Between the wars, Bullard was a musician, club owner and celebrity in Paris. He married a Parisian society woman and they had two daughters. When World War II broke out, Bullard, who had worked briefly for French intelligence, fled France and returned to the United States and obscurity in 1940.
In 1954, the French government flew Bullard back to Paris for Bastille Day Ceremonies. “Bullard and other French war veterans relit the eternal flame at the Tomb of the Unknown Soldier,” Greenly wrote. “He also placed a wreath of flowers beside the tomb under the Arc de Triomphe.”
On Oct. 9, 1959, shortly before appearing on the “Today Show,” the French consul in New York honored Bullard. “The French Consul pinned a Legion of Honor medal on Bullard’s lapel — his 15th medal — which made him a Knight of the Legion of Honor,” according to Greenly.

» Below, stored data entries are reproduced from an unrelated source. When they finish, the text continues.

(* Consider the sequential decision problem described in the context. (1) Given $\mathbf q=(q_1,\dots,q_T)\in\mathcal Q_B$, let $f_t(y^{t-1})=q_t(\cdot\mid\cdot,\cdot,y^{t-1})$; then $\tilde L_T(\mathbf f)=L_T(\mathbf q)$. (2) Given a decision policy $\mathbf f=(f_1,\dots,f_T)$, let $\mathbf q\in\mathcal Q_B$ be $q_t(y_t\mid x_t,s_t,y^{t-1})=a_t(y_t\mid x_t,s_t)$ with $a_t=f_t(y^{t-1})$; then $L_T(\mathbf q)=\tilde L_T(\mathbf f)$. Hence the sequential problem is equivalent to minimizing $L_T$ over $\mathcal Q_B$.
   Context: Let $\mathcal X=\{0,\dots,m_x\}$, $\mathcal Y=\{0,\dots,m_y\}$, $\mathcal S=\{0,\dots,m_s\}$ with $m_x\le m_y$. The demand $\{X_t\}$ is a time-homogeneous first-order Markov chain on $\mathcal X$ with transition matrix $Q$ and initial pmf $P_{X_1}$; $S_1\sim P_{S_1}$ independent of $\{X_t\}$. For an integer $w$ let $\mathcal Y_\circ(w)=\{y\in\mathcal Y:w+y\in\mathcal S\}$. $\mathcal Q_B$ is the set of charging policies $q_t(y\mid x_t,s_t,y^{t-1})$ (conditional pmfs on $\mathcal Y$ with $q_t(\mathcal Y_\circ(s_t-x_t)\mid x_t,s_t,y^{t-1})=1$), inducing $Y_t\sim q_t(\cdot\mid X_t,S_t,Y^{t-1})$, $S_{t+1}=S_t+Y_t-X_t$, and $L_T(\mathbf q)=\frac1TI^{\mathbf q}(X^T,S_1;Y^T)$. $\mathcal A$ is the set of conditional pmfs $a(y\mid x,s)$ with $a(\mathcal Y_\circ(s-x)\mid x,s)=1$ for all $(x,s)$. Sequential problem: a decision maker observes $Y^{t-1}$ and chooses $A_t=f_t(Y^{t-1})\in\mathcal A$; then $Y_t\sim A_t(\cdot\mid X_t,S_t)$ and $S_{t+1}=S_t+Y_t-X_t$. The per-step cost is $c_t(x_t,s_t,a_t,y^t;\mathbf f)=\log\frac{a_t(y_t\mid x_t,s_t)}{P^{\mathbf f}(Y_t=y_t\mid Y^{t-1}=y^{t-1})}$ and $\tilde L_T(\mathbf f)=\frac1T\mathbb E^{\mathbf f}\big[\sum_{t=1}^Tc_t(X_t,S_t,A_t,Y^t;\mathbf f)\big]$. *)

theory Defs
  imports Complex_Main
begin

text \<open>Alphabets: X = {0..mx}, Y = {0..my}, S = {0..ms}, all encoded as nat.
  Time is indexed from 0 (Isabelle index t corresponds to the paper's t+1).
  A trajectory is a triple (xs, s1, ys) with xs = X^T, ys = Y^T (lists of length T).\<close>

definition Yo :: "nat \<Rightarrow> nat \<Rightarrow> int \<Rightarrow> nat set" where
  "Yo my ms w = {y. y \<le> my \<and> 0 \<le> w + int y \<and> w + int y \<le> int ms}"

definition in_A :: "nat \<Rightarrow> nat \<Rightarrow> nat \<Rightarrow> (nat \<Rightarrow> nat \<Rightarrow> nat \<Rightarrow> real) \<Rightarrow> bool" where
  "in_A mx my ms a \<longleftrightarrow>
     (\<forall>x\<le>mx. \<forall>s\<le>ms. (\<forall>y. 0 \<le> a x s y) \<and> (\<Sum>y\<le>my. a x s y) = 1 \<and>
        (\<forall>y. y \<notin> Yo my ms (int s - int x) \<longrightarrow> a x s y = 0))"

text \<open>Charging policies q = (q_t): q t x s ys y = q_t(y | x, s, y^{t-1} = ys).\<close>
definition in_Q_B :: "nat \<Rightarrow> nat \<Rightarrow> nat \<Rightarrow> nat \<Rightarrow>
    (nat \<Rightarrow> nat \<Rightarrow> nat \<Rightarrow> nat list \<Rightarrow> nat \<Rightarrow> real) \<Rightarrow> bool" where
  "in_Q_B mx my ms T q \<longleftrightarrow>
     (\<forall>t<T. \<forall>ys. length ys = t \<and> set ys \<subseteq> {..my} \<longrightarrow>
        in_A mx my ms (\<lambda>x s y. q t x s ys y))"

definition is_decision_policy :: "nat \<Rightarrow> nat \<Rightarrow> nat \<Rightarrow> nat \<Rightarrow>
    (nat \<Rightarrow> nat list \<Rightarrow> (nat \<Rightarrow> nat \<Rightarrow> nat \<Rightarrow> real)) \<Rightarrow> bool" where
  "is_decision_policy mx my ms T f \<longleftrightarrow>
     (\<forall>t<T. \<forall>ys. length ys = t \<and> set ys \<subseteq> {..my} \<longrightarrow> in_A mx my ms (f t ys))"

definition is_pmf_on :: "nat \<Rightarrow> (nat \<Rightarrow> real) \<Rightarrow> bool" where
  "is_pmf_on m p \<longleftrightarrow> (\<forall>z. 0 \<le> p z) \<and> (\<forall>z>m. p z = 0) \<and> (\<Sum>z\<le>m. p z) = 1"

definition is_stochastic :: "nat \<Rightarrow> (nat \<Rightarrow> nat \<Rightarrow> real) \<Rightarrow> bool" where
  "is_stochastic m Q \<longleftrightarrow> (\<forall>x\<le>m. is_pmf_on m (Q x))"

text \<open>Battery state S_{t}: S_{t+1} = S_t + Y_t - X_t (with positive probability this stays in S,
  so the truncated nat subtraction is never active on the support).\<close>
fun state :: "nat \<Rightarrow> nat list \<Rightarrow> nat list \<Rightarrow> nat \<Rightarrow> nat" where
  "state s1 xs ys 0 = s1"
| "state s1 xs ys (Suc t) = state s1 xs ys t + ys ! t - xs ! t"

definition Omega :: "nat \<Rightarrow> nat \<Rightarrow> nat \<Rightarrow> nat \<Rightarrow> (nat list \<times> nat \<times> nat list) set" where
  "Omega mx my ms T = {(xs, s1, ys). length xs = T \<and> set xs \<subseteq> {..mx} \<and> s1 \<le> ms \<and>
                        length ys = T \<and> set ys \<subseteq> {..my}}"

text \<open>Joint pmf of (X^T, S_1, Y^T) when at time t, given Y^{t-1} = ys, the output is drawn
  from the kernel K t ys (arguments x s y).\<close>
definition joint :: "(nat \<Rightarrow> nat \<Rightarrow> real) \<Rightarrow> (nat \<Rightarrow> real) \<Rightarrow> (nat \<Rightarrow> real) \<Rightarrow> nat \<Rightarrow>
    (nat \<Rightarrow> nat list \<Rightarrow> nat \<Rightarrow> nat \<Rightarrow> nat \<Rightarrow> real) \<Rightarrow> nat list \<times> nat \<times> nat list \<Rightarrow> real" where
  "joint Q PX1 PS1 T K = (\<lambda>(xs, s1, ys).
     PS1 s1 * PX1 (xs ! 0) * (\<Prod>t\<in>{1..<T}. Q (xs ! (t - 1)) (xs ! t)) *
     (\<Prod>t<T. K t (take t ys) (xs ! t) (state s1 xs ys t) (ys ! t)))"

definition jointQ where
  "jointQ Q PX1 PS1 T q = joint Q PX1 PS1 T (\<lambda>t ys x s y. q t x s ys y)"

definition jointF where
  "jointF Q PX1 PS1 T f = joint Q PX1 PS1 T f"

text \<open>Discrete mutual information I(X^T,S_1;Y^T) (natural log; 0 log 0 = 0 automatic).\<close>
definition mutual_info_XS_Y :: "nat \<Rightarrow> nat \<Rightarrow> nat \<Rightarrow> nat \<Rightarrow>
    (nat list \<times> nat \<times> nat list \<Rightarrow> real) \<Rightarrow> real" where
  "mutual_info_XS_Y mx my ms T p =
     (\<Sum>\<omega>\<in>Omega mx my ms T.
        let pXS = (\<Sum>\<omega>'\<in>Omega mx my ms T.
                     if fst \<omega>' = fst \<omega> \<and> fst (snd \<omega>') = fst (snd \<omega>) then p \<omega>' else 0);
            pY = (\<Sum>\<omega>'\<in>Omega mx my ms T. if snd (snd \<omega>') = snd (snd \<omega>) then p \<omega>' else 0)
        in p \<omega> * ln (p \<omega> / (pXS * pY)))"

definition L_T where
  "L_T mx my ms Q PX1 PS1 T q = (1 / real T) * mutual_info_XS_Y mx my ms T (jointQ Q PX1 PS1 T q)"

definition PY_prefix where
  "PY_prefix mx my ms Q PX1 PS1 T f t yt =
     (\<Sum>\<omega>\<in>Omega mx my ms T. if take t (snd (snd \<omega>)) = yt then jointF Q PX1 PS1 T f \<omega> else 0)"

definition cost where
  "cost mx my ms Q PX1 PS1 T f t = (\<lambda>(xs, s1, ys).
     ln (f t (take t ys) (xs ! t) (state s1 xs ys t) (ys ! t) /
         (PY_prefix mx my ms Q PX1 PS1 T f (Suc t) (take (Suc t) ys) /
          PY_prefix mx my ms Q PX1 PS1 T f t (take t ys))))"

definition tilde_L_T where
  "tilde_L_T mx my ms Q PX1 PS1 T f =
     (1 / real T) * (\<Sum>\<omega>\<in>Omega mx my ms T.
        jointF Q PX1 PS1 T f \<omega> * (\<Sum>t<T. cost mx my ms Q PX1 PS1 T f t \<omega>))"

end

theory Submission imports Defs begin

text \<open>Both policy classes describe the same family of kernels, so they induce the same joint
  law P of (X^T, S_1, Y^T), which factors as P(x^T, s_1) times the product of the action
  probabilities a_t(y_t | x_t, s_t). Summing out y_T, y_{T-1}, ... shows that this product is
  the conditional law P(y^T | x^T, s_1), and in particular that P(x^T, s_1) is the input
  marginal. Along a trajectory of positive probability the costs telescope:
  \<Sum>_t ln (a_t / (P(y^{t+1}) / P(y^t))) = ln (P(y^T | x^T, s_1) / P(y^T)), whose expectation is
  the mutual information I(X^T, S_1; Y^T).\<close>

definition lists_len :: "'a set \<Rightarrow> nat \<Rightarrow> 'a list set" where
  "lists_len A n = {xs. set xs \<subseteq> A \<and> length xs = n}"

lemma finite_lists_len [simp]: "finite A \<Longrightarrow> finite (lists_len A n)"
  by (simp add: lists_len_def finite_lists_length_eq)

lemma lists_len_0 [simp]: "lists_len A 0 = {[]}"
  by (auto simp: lists_len_def)

lemma nth_in_lists_len: "xs \<in> lists_len A n \<Longrightarrow> i < n \<Longrightarrow> xs ! i \<in> A"
  by (auto simp: lists_len_def)

lemma take_in_lists_len: "xs \<in> lists_len A n \<Longrightarrow> t \<le> n \<Longrightarrow> take t xs \<in> lists_len A t"
  using set_take_subset[of t xs] by (auto simp: lists_len_def)

lemma sum_lists_len_Suc:
  "(\<Sum>zs\<in>lists_len A (Suc n). F zs) = (\<Sum>zs\<in>lists_len A n. \<Sum>y\<in>A. F (zs @ [y]))"
proof -
  have "lists_len A (Suc n) = (\<lambda>(zs, y). zs @ [y]) ` (lists_len A n \<times> A)"
    by (auto simp: lists_len_def image_iff split_beta length_Suc_conv_rev)
  moreover have "inj_on (\<lambda>(zs, y). zs @ [y]) (lists_len A n \<times> A)"
    by (auto simp: inj_on_def)
  ultimately show ?thesis
    by (simp add: sum.reindex sum.cartesian_product prod.case_distrib)
qed

definition path_weight :: "(nat \<Rightarrow> 'a list \<Rightarrow> 'a \<Rightarrow> real) \<Rightarrow> nat \<Rightarrow> 'a list \<Rightarrow> real" where
  "path_weight k n zs = (\<Prod>t<n. k t (take t zs) (zs ! t))"

lemma path_weight_0 [simp]: "path_weight k 0 zs = 1"
  by (simp add: path_weight_def)

lemma path_weight_snoc:
  "length zs = n \<Longrightarrow> path_weight k (Suc n) (zs @ [y]) = path_weight k n zs * k n zs y"
  by (simp add: path_weight_def nth_append)

lemma path_weight_eq_0_iff:
  "path_weight k n zs = 0 \<longleftrightarrow> (\<exists>t<n. k t (take t zs) (zs ! t) = 0)"
  by (auto simp: path_weight_def)

text \<open>Drawing the letters one after another from the kernels k gives a pmf on words; k only
  has to be normalised after prefixes of positive weight.\<close>
lemma sum_path_weight_eq_1:
  assumes "\<And>t zs. t < n \<Longrightarrow> zs \<in> lists_len A t \<Longrightarrow> path_weight k t zs \<noteq> 0 \<Longrightarrow> (\<Sum>y\<in>A. k t zs y) = 1"
  shows "(\<Sum>zs\<in>lists_len A n. path_weight k n zs) = 1"
  using assms
proof (induction n)
  case (Suc n)
  have "(\<Sum>zs\<in>lists_len A (Suc n). path_weight k (Suc n) zs)
      = (\<Sum>zs\<in>lists_len A n. path_weight k n zs * (\<Sum>y\<in>A. k n zs y))"
    unfolding sum_lists_len_Suc
    by (intro sum.cong refl) (simp add: path_weight_snoc sum_distrib_left lists_len_def)
  also have "\<dots> = (\<Sum>zs\<in>lists_len A n. path_weight k n zs)"
    by (intro sum.cong refl) (use Suc.prems in auto)
  also have "\<dots> = 1"
    using Suc by simp
  finally show ?case .
qed simp

definition demand_kernel :: "(nat \<Rightarrow> nat \<Rightarrow> real) \<Rightarrow> (nat \<Rightarrow> real) \<Rightarrow> nat \<Rightarrow> nat list \<Rightarrow> nat \<Rightarrow> real" where
  "demand_kernel Q PX1 t xs x = (if t = 0 then PX1 x else Q (xs ! (t - 1)) x)"

lemma sum_demand_path_weight:
  assumes "is_stochastic mx Q" and "is_pmf_on mx PX1"
  shows "(\<Sum>xs\<in>lists_len {..mx} n. path_weight (demand_kernel Q PX1) n xs) = 1"
proof (rule sum_path_weight_eq_1)
  fix t zs assume "t < n" and zs: "zs \<in> lists_len {..mx} t"
  show "(\<Sum>x\<in>{..mx}. demand_kernel Q PX1 t zs x) = 1"
  proof (cases t)
    case (Suc i)
    then have "zs ! i \<le> mx"
      using nth_in_lists_len[OF zs, of i] by simp
    then show ?thesis
      using assms(1) Suc by (simp add: demand_kernel_def is_stochastic_def is_pmf_on_def)
  qed (use assms(2) in \<open>simp add: demand_kernel_def is_pmf_on_def\<close>)
qed

definition output_kernel ::
    "(nat \<Rightarrow> nat list \<Rightarrow> nat \<Rightarrow> nat \<Rightarrow> nat \<Rightarrow> real) \<Rightarrow> nat list \<Rightarrow> nat \<Rightarrow> nat \<Rightarrow> nat list \<Rightarrow> nat \<Rightarrow> real" where
  "output_kernel K xs s1 t ys y = K t ys (xs ! t) (state s1 xs ys t) y"

lemma state_take: "t \<le> n \<Longrightarrow> state s1 xs (take n ys) t = state s1 xs ys t"
  by (induction t) auto

definition input_law :: "(nat \<Rightarrow> nat \<Rightarrow> real) \<Rightarrow> (nat \<Rightarrow> real) \<Rightarrow> (nat \<Rightarrow> real) \<Rightarrow> nat \<Rightarrow> nat list \<Rightarrow> nat \<Rightarrow> real" where
  "input_law Q PX1 PS1 T xs s1 = PS1 s1 * PX1 (xs ! 0) * (\<Prod>t\<in>{1..<T}. Q (xs ! (t - 1)) (xs ! t))"

lemma input_law_eq_path_weight:
  assumes "1 \<le> T"
  shows "input_law Q PX1 PS1 T xs s1 = PS1 s1 * path_weight (demand_kernel Q PX1) T xs"
proof -
  have "{..<T} = insert 0 {1..<T}"
    using assms by auto
  then show ?thesis
    unfolding input_law_def path_weight_def by (simp add: demand_kernel_def mult.assoc)
qed

lemma joint_eq_input_law_mult:
  "joint Q PX1 PS1 T K (xs, s1, ys) = input_law Q PX1 PS1 T xs s1 * path_weight (output_kernel K xs s1) T ys"
  by (simp add: joint_def input_law_def path_weight_def output_kernel_def state_take)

Bullard died Oct. 12, 1961, and was buried in a French Foreign Legion uniform with the French flag draped over his coffin in the French War Veterans Cemetery in Flushing, New York. On Sept. 14, 1994, the U.S. Air Force posthumously commissioned Bullard a second lieutenant.
Williams went on to fly 89 missions with the legendary Tuskegee Airmen during World War II. He also served during the Korean War and Vietnam, retiring from the Air Force in 1966 as a lieutenant colonel. Among his many awards were the Bronze Star, Distinguished Flying Cross, Air Medal with four oak leaf clusters and the Congressional Gold Medal, which he donated to the Afro American-Museum at Wilberforce in 2009. He also is a member of the Lima City Schools Hall of Fame. When he died Sept. 22, 2013, at the Dayton V.A. Medical Center, the 96-year-old Williams was the oldest surviving Tuskegee Airman.
“They didn’t want a black man flying in the first place and used many ploys to keep us from flying, but we just made them eat crow,” Williams told The Lima News during a visit to Lima for a meeting of the Ohio Chapter of the Tuskegee Airmen in March 2006, “We made liars out of them. We were the best.”